[Assignment] Look through the data below and, wherever a line carries the word "rule", please copy that line.

(Stored items)
lemma separator_subset_right_side:
  assumes G: "graph V E" "connected_graph V E"
    and CD: "separation V E C D" and AB: "separation V E A B"
    and K: "tight_component V E (A \<inter> B) K" "K \<subseteq> B - A"
    and r: "r \<in> V" "r \<notin> A" "r \<notin> C"
    and X: "C \<inter> D \<subseteq> A"
    and nbr: "{y \<in> C. \<exists>x\<in>C \<inter> D. E x y} \<subseteq> A"
  shows "A \<inter> B \<subseteq> D"
proof (rule ccontr)
  have sym: "E y x" if "E x y" for x y
    using G(1) that unfolding graph_def by blast
  have VAB: "V = A \<union> B" and VCD: "V = C \<union> D"
    using AB CD unfolding separation_def by auto
  have Kcomp: "component_of V E (A \<inter> B) K"
    using K(1) unfolding tight_component_def by blast
  assume "\<not> A \<inter> B \<subseteq> D"
  then obtain s where s: "s \<in> A \<inter> B" "s \<in> C - D"
    using VAB VCD by blast
  then obtain u where u: "u \<in> K" "E u s"
    using tight_component_neighbour[OF K(1)] by blast
  have "u \<in> C - D"
    using separation_edge_from_strict_side[OF G(1) CD sym[OF u(2)] s(2)] u(1) K(2) X by blast
  moreover have "K \<inter> C \<inter> D = {}"
    using K(2) X by blast
  ultimately have KCD: "K \<subseteq> C - D"
    using reach_in_avoiding_separator[OF G(1) CD] component_of_reach_in[OF G(1) Kcomp u(1)] by blast
  have SC: "A \<inter> B \<subseteq> C"
  proof
    fix s' assume "s' \<in> A \<inter> B"
    then obtain u' where "u' \<in> K" "E u' s'"
      by (rule tight_component_neighbour[OF K(1)])
    then show "s' \<in> C"
      using separation_edge_from_strict_side[OF G(1) CD] KCD by blast
  qed
  have "reach_in E V r u"
    using G(2) r(1) u(1) component_of_subset[OF Kcomp] unfolding connected_graph_def by blast
  then obtain v w where vw: "E v w" "v \<in> V" "w \<in> V" "v \<in> D - C" "v \<notin> A" "\<not> (w \<in> D - C \<and> w \<notin> A)"
    using reach_in_crossing_edge[of E V r u "\<lambda>x. x \<in> D - C \<and> x \<notin> A"] r VCD u(1) KCD by blast
  have "w \<in> D"
    using separation_edge_from_strict_side[OF G(1) separation_sym[OF G(1) CD] vw(1,4)] .
  moreover have "w \<in> B"
    using separation_edge_from_strict_side[OF G(1) separation_sym[OF G(1) AB] vw(1)] vw(2,5) VAB by blast
  ultimately have w: "w \<in> C \<inter> D" "w \<in> A \<inter> B"
    using vw(6) X SC by blast+
  then obtain y where "y \<in> K" "E y w"
    using tight_component_neighbour[OF K(1)] by blast
  then show False
    using nbr w(1) sym KCD K(2) by blast
qed
(* Assume the setting in the context. (a) Assume Conditions (MM), (SS), (JS-cts) and (JS-jump). Suppose that for every $f\in\mathcal{D}_{\mathcal{X}}$ there is at most one $u_+\in\mathcal{X}^{\mathcal{U}}$ with $(\widehat Lu_+)|_{\mathcal{U}}=0$, $\widetilde{\operatorname{Tr}}^{\mathcal{U}}_{\mathcal{X}}u_+=f$, and at most one $u_-\in\mathcal{X}^{\mathcal{V}}$ with $(\widehat Lu_-)|_{\mathcal{V}}=0$, $\widetilde{\operatorname{Tr}}^{\mathcal{V}}_{\mathcal{X}}u_-=f$. Then $\widetilde{\operatorname{Tr}}^{\mathcal{U}}_{\mathcal{X}}\widehat{\mathbf{S}}^L_{\mathcal{U}}:\mathcal{N}_{\mathcal{X}}\to\mathcal{D}_{\mathcal{X}}$ is one-to-one. If in addition there is $C_0$ such that every $u_+\in\mathcal{X}^{\mathcal{U}}$ with $(\widehat Lu_+)|_{\mathcal{U}}=0$ and every $u_-\in\mathcal{X}^{\mathcal{V}}$ with $(\widehat Lu_-)|_{\mathcal{V}}=0$ satisfy $\|u_+\|_{\mathcal{X}^{\mathcal{U}}}\le C_0\|\widetilde{\operatorname{Tr}}^{\mathcal{U}}_{\mathcal{X}}u_+\|_{\mathcal{D}_{\mathcal{X}}}$ and $\|u_-\|_{\mathcal{X}^{\mathcal{V}}}\le C_0\|\widetilde{\operatorname{Tr}}^{\mathcal{V}}_{\mathcal{X}}u_-\|_{\mathcal{D}_{\mathcal{X}}}$, then there is $C_1$ with $\|g\|_{\mathcal{N}_{\mathcal{X}}}\le C_1\|\widetilde{\operatorname{Tr}}^{\mathcal{U}}_{\mathcal{X}}\widehat{\mathbf{S}}^L_{\mathcal{U}}g\|_{\mathcal{D}_{\mathcal{X}}}$ for all $g\in\mathcal{N}_{\mathcal{X}}$. (b) Assume Conditions (TT), (DD), (JD-cts) and (JD-jump). Suppose that for every $g\in\mathcal{N}_{\mathcal{X}}$ there is at most one $u_+\in\mathcal{X}^{\mathcal{U}}$ with $(\widehat Lu_+)|_{\mathcal{U}}=0$, $\widehat{\mathbf{M}}^{\mathcal{U}}_Bu_+=g$, and at most one $u_-\in\mathcal{X}^{\mathcal{V}}$ with $(\widehat Lu_-)|_{\mathcal{V}}=0$, $\widehat{\mathbf{M}}^{\mathcal{V}}_Bu_-=g$. Then $\widehat{\mathbf{M}}^{\mathcal{U}}_B\widehat{\mathbf{D}}^B_{\mathcal{U}}:\mathcal{D}_{\mathcal{X}}\to\mathcal{N}_{\mathcal{X}}$ is one-to-one. If in addition there is $C_0$ such that every $u_+\in\mathcal{X}^{\mathcal{U}}$ with $(\widehat Lu_+)|_{\mathcal{U}}=0$ and every $u_-\in\mathcal{X}^{\mathcal{V}}$ with $(\widehat Lu_-)|_{\mathcal{V}}=0$ satisfy $\|u_+\|_{\mathcal{X}^{\mathcal{U}}}\le C_0\|\widehat{\mathbf{M}}^{\mathcal{U}}_Bu_+\|_{\mathcal{N}_{\mathcal{X}}}$ and $\|u_-\|_{\mathcal{X}^{\mathcal{V}}}\le C_0\|\widehat{\mathbf{M}}^{\mathcal{V}}_Bu_-\|_{\mathcal{N}_{\mathcal{X}}}$, then there is $C_1$ with $\|f\|_{\mathcal{D}_{\mathcal{X}}}\le C_1\|\widehat{\mathbf{M}}^{\mathcal{U}}_B\widehat{\mathbf{D}}^B_{\mathcal{U}}f\|_{\mathcal{N}_{\mathcal{X}}}$ for all $f\in\mathcal{D}_{\mathcal{X}}$.
   Context: Let $\mathcal{X}^{\mathcal{U}}$, $\mathcal{X}^{\mathcal{V}}$, $\mathcal{D}_{\mathcal{X}}$, $\mathcal{N}_{\mathcal{X}}$ be quasi-Banach spaces. For $\mathcal{O}\in\{\mathcal{U},\mathcal{V}\}$: let $u\mapsto(\widehat Lu)|_{\mathcal{O}}$ be a linear operator on $\mathcal{X}^{\mathcal{O}}$, let $\mathcal{K}^{\mathcal{O}}=\{u\in\mathcal{X}^{\mathcal{O}}:(\widehat Lu)|_{\mathcal{O}}=0\}$, and let $\widetilde{\operatorname{Tr}}^{\mathcal{O}}_{\mathcal{X}}:\mathcal{K}^{\mathcal{O}}\to\mathcal{D}_{\mathcal{X}}$, $\widehat{\mathbf{M}}^{\mathcal{O}}_B:\mathcal{K}^{\mathcal{O}}\to\mathcal{N}_{\mathcal{X}}$, $\widehat{\mathbf{D}}^B_{\mathcal{O}}:\mathcal{D}_{\mathcal{X}}\to\mathcal{X}^{\mathcal{O}}$, $\widehat{\mathbf{S}}^L_{\mathcal{O}}:\mathcal{N}_{\mathcal{X}}\to\mathcal{X}^{\mathcal{O}}$ be linear operators. For $\mathcal{O}\in\{\mathcal U,\mathcal V\}$ consider: (T)$_{\mathcal{O}}$ $\widetilde{\operatorname{Tr}}^{\mathcal{O}}_{\mathcal{X}}$ is bounded $\mathcal{K}^{\mathcal{O}}\to\mathcal{D}_{\mathcal{X}}$; (M)$_{\mathcal{O}}$ $\widehat{\mathbf{M}}^{\mathcal{O}}_B$ is bounded $\mathcal{K}^{\mathcal{O}}\to\mathcal{N}_{\mathcal{X}}$; (S)$_{\mathcal{O}}$ $\widehat{\mathbf{S}}^L_{\mathcal{O}}$ is bounded $\mathcal{N}_{\mathcal{X}}\to\mathcal{X}^{\mathcal{O}}$ with range in $\mathcal{K}^{\mathcal{O}}$; (D)$_{\mathcal{O}}$ $\widehat{\mathbf{D}}^B_{\mathcal{O}}$ is bounded $\mathcal{D}_{\mathcal{X}}\to\mathcal{X}^{\mathcal{O}}$ with range in $\mathcal{K}^{\mathcal{O}}$; (G)$_{\mathcal{O}}$ every $u\in\mathcal{K}^{\mathcal{O}}$ satisfies $u=-\widehat{\mathbf{D}}^B_{\mathcal{O}}(\widetilde{\operatorname{Tr}}^{\mathcal{O}}_{\mathcal{X}}u)+\widehat{\mathbf{S}}^L_{\mathcal{O}}(\widehat{\mathbf{M}}^{\mathcal{O}}_Bu)$. Condition (TT) means (T)$_{\mathcal U}$ and (T)$_{\mathcal V}$ both hold; likewise (MM), (SS), (DD), (GG). Further conditions (each including that the potentials involved lie in the respective $\mathcal K^{\mathcal O}$, so the expressions are defined): (JS-cts) $\widetilde{\operatorname{Tr}}^{\mathcal{U}}_{\mathcal{X}}(\widehat{\mathbf{S}}^L_{\mathcal{U}}g)-\widetilde{\operatorname{Tr}}^{\mathcal{V}}_{\mathcal{X}}(\widehat{\mathbf{S}}^L_{\mathcal{V}}g)=0$ for all $g\in\mathcal{N}_{\mathcal{X}}$; (JD-cts) $\widehat{\mathbf{M}}^{\mathcal{U}}_B(\widehat{\mathbf{D}}^B_{\mathcal{U}}f)-\widehat{\mathbf{M}}^{\mathcal{V}}_B(\widehat{\mathbf{D}}^B_{\mathcal{V}}f)=0$ for all $f\in\mathcal{D}_{\mathcal{X}}$; (JS-jump) $\widehat{\mathbf{M}}^{\mathcal{U}}_B(\widehat{\mathbf{S}}^L_{\mathcal{U}}g)+\widehat{\mathbf{M}}^{\mathcal{V}}_B(\widehat{\mathbf{S}}^L_{\mathcal{V}}g)=g$ for all $g\in\mathcal{N}_{\mathcal{X}}$; (JD-jump) $\widetilde{\operatorname{Tr}}^{\mathcal{U}}_{\mathcal{X}}(\widehat{\mathbf{D}}^B_{\mathcal{U}}f)+\widetilde{\operatorname{Tr}}^{\mathcal{V}}_{\mathcal{X}}(\widehat{\mathbf{D}}^B_{\mathcal{V}}f)=-f$ for all $f\in\mathcal{D}_{\mathcal{X}}$. *)

theory Defs
  imports Complex_Main
begin

definition quasi_norm :: "('a::real_vector \<Rightarrow> real) \<Rightarrow> bool" where
  "quasi_norm N \<longleftrightarrow>
     (\<forall>x. 0 \<le> N x) \<and> (\<forall>x. N x = 0 \<longleftrightarrow> x = 0) \<and>
     (\<forall>c x. N (c *\<^sub>R x) = \<bar>c\<bar> * N x) \<and>
     (\<exists>K\<ge>1. \<forall>x y. N (x + y) \<le> K * (N x + N y))"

[Solution]
proof (rule ccontr)
      by (rule tight_component_neighbour[OF K(1)])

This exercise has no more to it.